Brett H's Halloween Hangover

Submitted by: Brett H.   Date : 2021-12-26 02:24
Editor's note: Brett H. lives! And he actually sent this over just before Halloween, but, as you've probably noticed, productivity here at OTH has slowed to a crawl due to work obligations, the holidays, and just life in general. But I figure if there's any time to have a good old Halloween hangover, it's now, during the fine Canadian tradition known as Boxing Day. Something tells me my Canadian counterpart won't mind because he's probably still having a couple of drinks for Christmas.

Brett H. Edit: I was at work promptly on time on Boxing Day.

10. The Toxic Avenger (1984)
    How the hell do you not give a poor bastard like Lloyd Kaufman a bone and invite him over for Halloween? Fuck, if you have a mop and some goop on your head, you're in business. The Toxic Avenger is a Halloween season diamond in the rough.

9. The Golden Years (1991)
    You've seen everything from Let the Right One In to the new Annabelle? I rented The Golden Years at least three times because it was a double VHS and to this day I have never watched it. And that is badass. If you're like me and only rented it because you got to strut your ass out of the store with an extra tape, please wear a mask as this is in fact the movie that inspired COVID-19.

8. Head of the Family (1996)
    You know... Full Moon needs some Halloween list love. I don't think I've ever actually liked a single movie they've done, but I've got 'em in bunches in the collection. Even if you just pull 'em out and look at the cover art and pass the time reminiscing about how you never ever rented any of those pieces of shit, nor the Silent Night, Deadly Night flicks, but aggressively tried to collect them after the fact, this is the one for you. Even I never bought Head of the Family but in the same store that Halloween season of '98, I also passed on Twitch of the Death Nerve. Mistakes were made as proven by my most anticipated film at the time, Jason X.

7. Witchcraft XII (2004)
    Speaking of Full Moon, remember those Witchcraft movies? You've probably got 2 or 3 in the attic somewhere just waiting to be enjoyed, but only 1 through 6 are any good. The rest suck. Avoid them at all costs this Halloween except whatever one is 7th on this list.

6. Omen IV (1991)
    You know, this one is actually criminally underrated for a TV movie. I don't remember shit about it, but I know I liked it a lot. It's only good if you bought it on VHS like I did though.

5. Scary Movie (2000)
    Watching your mom laugh her ass off while Marlon Wayons trims pubic hair with a gasoline hedgetrimmer isn't the ideal way to spend the night at the drive-in. But the next time, it was Spider-Man, Harry Potter and Mr. Deeds the night before she had heart surgery which really fucking sucked even worse than that triple bill. So fuck yeah, one can't miss Scary Movie on this or any other Halloween. It's even better in 8K

4. The new Halloween
    I'm gonna have to go to this tomorrow night at the theatre to keep my sister happy and it better not fucking suck.

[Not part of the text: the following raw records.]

lemma
  assumes "E \<subseteq> left_cosets G G0" and "finite E" and "finite G0" and "finite F"
  shows finite_plus_set: "finite (plus_set G act M m0 gm F E)"
    and card_plus_set_diff_le: "card (plus_set G act M m0 gm F E - F) \<le>
      (\<Sum>C\<in>inverse_cosets G G0 E. card (F - {x \<in> M. x \<triangleleft> C \<in> F}))"
proof -
  let ?U = "\<Union>C\<in>inverse_cosets G G0 E. (\<lambda>x. x \<triangleleft> C) ` (F - {x \<in> M. x \<triangleleft> C \<in> F})"
  have fin: "finite (inverse_cosets G G0 E)" using assms(2,3) by (rule finite_inverse_cosets)
  then have "finite ?U" using assms(4) by auto
  have sub: "plus_set G act M m0 gm F E - F \<subseteq> ?U"
    using assms(1) by (rule plus_set_diff_subset)
  then have "plus_set G act M m0 gm F E \<subseteq> F \<union> ?U" by blast
  with \<open>finite ?U\<close> assms(4) show "finite (plus_set G act M m0 gm F E)"
    by (meson finite_Un finite_subset)
  have "card (plus_set G act M m0 gm F E - F) \<le> card ?U"
    using \<open>finite ?U\<close> sub by (rule card_mono)
  also have "\<dots> \<le> (\<Sum>C\<in>inverse_cosets G G0 E. card ((\<lambda>x. x \<triangleleft> C) ` (F - {x \<in> M. x \<triangleleft> C \<in> F})))"
    using fin by (rule card_UN_le)
  also have "\<dots> \<le> (\<Sum>C\<in>inverse_cosets G G0 E. card (F - {x \<in> M. x \<triangleleft> C \<in> F}))"
    by (intro sum_mono card_image_le) (use assms(4) in auto)
  finally show "card (plus_set G act M m0 gm F E - F) \<le>
      (\<Sum>C\<in>inverse_cosets G G0 E. card (F - {x \<in> M. x \<triangleleft> C \<in> F}))" .
qed

lemma ln_card_proj_plus_set_le:
  assumes "E \<subseteq> left_cosets G G0" and "finite E" and "finite G0" and "G0 \<in> E"
    and "F \<subseteq> M" and "finite F" and "F \<noteq> {}"
    and "X \<subseteq> M \<rightarrow>\<^sub>E Q" and "finite Q" and "Q \<noteq> {}"
  shows "ln (card (proj (plus_set G act M m0 gm F E) X)) / card (plus_set G act M m0 gm F E)
    \<le> ln (card (proj F X)) / card F
       + (\<Sum>C\<in>inverse_cosets G G0 E. card (F - {x \<in> M. x \<triangleleft> C \<in> F}) / card F) * ln (card Q)"
proof -
  let ?Fp = "plus_set G act M m0 gm F E"
  let ?d = "card (?Fp - F)"
  have "F \<subseteq> ?Fp" using assms(5,4) by (rule subset_plus_set)
  have "finite ?Fp" using assms(1-3,6) by (rule finite_plus_set)
  have card_Fp: "card ?Fp = card F + ?d"
    using \<open>F \<subseteq> ?Fp\<close> \<open>finite ?Fp\<close> by (metis card_Diff_subset card_mono finite_subset le_add_diff_inverse)
  have "?Fp \<subseteq> M" unfolding plus_set_def by auto
  have "card (proj ?Fp X) \<le> card (proj F X) * card Q ^ ?d"
    using \<open>F \<subseteq> ?Fp\<close> \<open>finite ?Fp\<close> assms(8) \<open>?Fp \<subseteq> M\<close> assms(9) by (rule card_proj_le)
  moreover have "card Q \<ge> 1" and "card F > 0"
    using assms(6,7,9,10) by (auto simp: Suc_le_eq card_gt_0_iff)
  ultimately have "ln (card (proj ?Fp X)) / card ?Fp \<le> ln (card (proj F X)) / card F + ?d / card F * ln (card Q)"
    unfolding card_Fp by (rule ln_div_card_le)
  moreover have "real ?d / card F \<le> (\<Sum>C\<in>inverse_cosets G G0 E. card (F - {x \<in> M. x \<triangleleft> C \<in> F}) / card F)"
    unfolding sum_divide_distrib[symmetric] using card_plus_set_diff_le[OF assms(1-3,6)]
    by (intro divide_right_mono) (simp_all flip: of_nat_sum)
  then have "real ?d / card F * ln (card Q)
      \<le> (\<Sum>C\<in>inverse_cosets G G0 E. card (F - {x \<in> M. x \<triangleleft> C \<in> F}) / card F) * ln (card Q)"
    using \<open>card Q \<ge> 1\<close> by (intro mult_right_mono) simp_all
  ultimately show ?thesis by linarith
qed

end

theorem lemma11:
  fixes G :: "('g, 'b) monoid_scheme" and act :: "'g \<Rightarrow> 'm \<Rightarrow> 'm"
    and M :: "'m set" and m0 :: 'm and gm :: "'m \<Rightarrow> 'g"
    and Q :: "'q set" and I :: "'i set" and rel :: "'i \<Rightarrow> 'i \<Rightarrow> bool"
    and F :: "'i \<Rightarrow> 'm set" and X :: "('m \<Rightarrow> 'q) set" and E :: "'g set set"
  assumes "cell_space G act M m0 gm"
    and "right_amenable G act M m0 gm"
    and "finite (stab G act m0)"
    and "finite Q" and "Q \<noteq> {}"
    and "right_folner_net G act M m0 gm I rel F"
    and "X \<subseteq> M \<rightarrow>\<^sub>E Q"
    and "finite E" and "E \<subseteq> left_cosets G (stab G act m0)"
    and "stab G act m0 \<in> E"
  shows "net_entropy I rel (\<lambda>i. plus_set G act M m0 gm (F i) E) X \<le> net_entropy I rel F X"
proof -
  interpret cell_space_setting G act M m0 gm using assms(1) by unfold_locales
  let ?D = "inverse_cosets G G0 E"
  let ?defect = "\<lambda>i. (\<Sum>C\<in>?D. card (F i - {x \<in> M. x \<triangleleft> C \<in> F i}) / card (F i)) * ln (card Q)"
  have directed: "directed_set I rel" and F: "\<And>i. i \<in> I \<Longrightarrow> F i \<subseteq> M \<and> finite (F i) \<and> F i \<noteq> {}"
    and folner: "\<And>C. C \<in> left_cosets G G0 \<Longrightarrow>
        ((\<lambda>i. card (F i - {x \<in> M. x \<triangleleft> C \<in> F i}) / card (F i)) \<longlongrightarrow> 0) (net_filter I rel)"
    using assms(6) unfolding right_folner_net_def by auto
  have "((\<lambda>i. \<Sum>C\<in>?D. card (F i - {x \<in> M. x \<triangleleft> C \<in> F i}) / card (F i))
      \<longlongrightarrow> (\<Sum>C\<in>?D. 0)) (net_filter I rel)"
    using inverse_cosets_subset[OF assms(9)] by (intro tendsto_sum folner) blast
  then have "((\<lambda>i. \<Sum>C\<in>?D. card (F i - {x \<in> M. x \<triangleleft> C \<in> F i}) / card (F i))
      \<longlongrightarrow> 0) (net_filter I rel)"
    by simp
  then have "(?defect \<longlongrightarrow> 0) (net_filter I rel)"
    by (rule tendsto_mult_left_zero)
  moreover have "eventually (\<lambda>i.
      ln (card (proj (plus_set G act M m0 gm (F i) E) X)) / card (plus_set G act M m0 gm (F i) E)
      \<le> ln (card (proj (F i) X)) / card (F i) + ?defect i) (net_filter I rel)"
    using eventually_in_net_filter[OF directed]
    by eventually_elim (use F assms(3-5,7-10) in \<open>blast intro: ln_card_proj_plus_set_le\<close>)
  ultimately show ?thesis
    unfolding net_entropy_def by (intro Limsup_le_Limsup_plus_vanishing)
qed

end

    (Editor's note: Brett H. later informed me that Halloween Kills did not fucking suck and he eagerly anticipates Halloween Kills.)

3. Halloween Havoc (1992)
    Spin the Wheel, Make the Deal. Nothing says Halloween like a Coal Miner's Glove match... WHAT IN THE HELL IS HARRY WARDEN DOING IN WCW, LARRY?!

2. Jason Goes to Hell (1993)
    I used to picture the films that exemplified the Halloween season as gothic horrors. Universal classics. You know who is the real master of the season? Stephen fucking King. I have always championed Stephen King's characterization of, well, people actually being people in his otherworldly tales of horror he has created to be the reason above all the madness that makes him great. What does this have to do with Jason Goes to Hell? Not a fucking thing, but I used to watch it on WGN on Halloween morning skipping school after Graveyard Shift. Those good natured Stephen King written characters? The ones who have the bullshit cup of flour and a few eggs when you're in a pinch? Those are the types I find myself sparking up a number or pulling a beer out of my pocket for at their doorstep after stuffing a youngen's pillowcase full of treats. Just a shootin' the shit about the old days.

1. Ghost Story (1981)
    As the much youngest in a family of older cousins, I still managed to stay up the latest, even at 6 or 7 years old. The memory I inherited from this valentine of the time where the greatest thing was renting catalog scary movies from the video store has never left me. The lovely Alice Krige haunted me for reasons I couldn't possibly understand then and I don't really care to question now. Spoiler alert; the ending of the film involved Alice's ghost trapped beneath the boards of a crumbling mansion, forever tormenting her screaming phantom. Her cries were excruciating, terrifying, yet sympathetic and gorgeous. 15 years later, I eagerly awaited seeing this ending once again from a used shitty old VHS tape. Turns out, all I remembered of the movie I held so fondly was the nightmare it brought me that night as a child. I would love to watch Ghost Story again. I won't. I'm sticking with the version only I have ever seen. It's a shame there's no way to share it.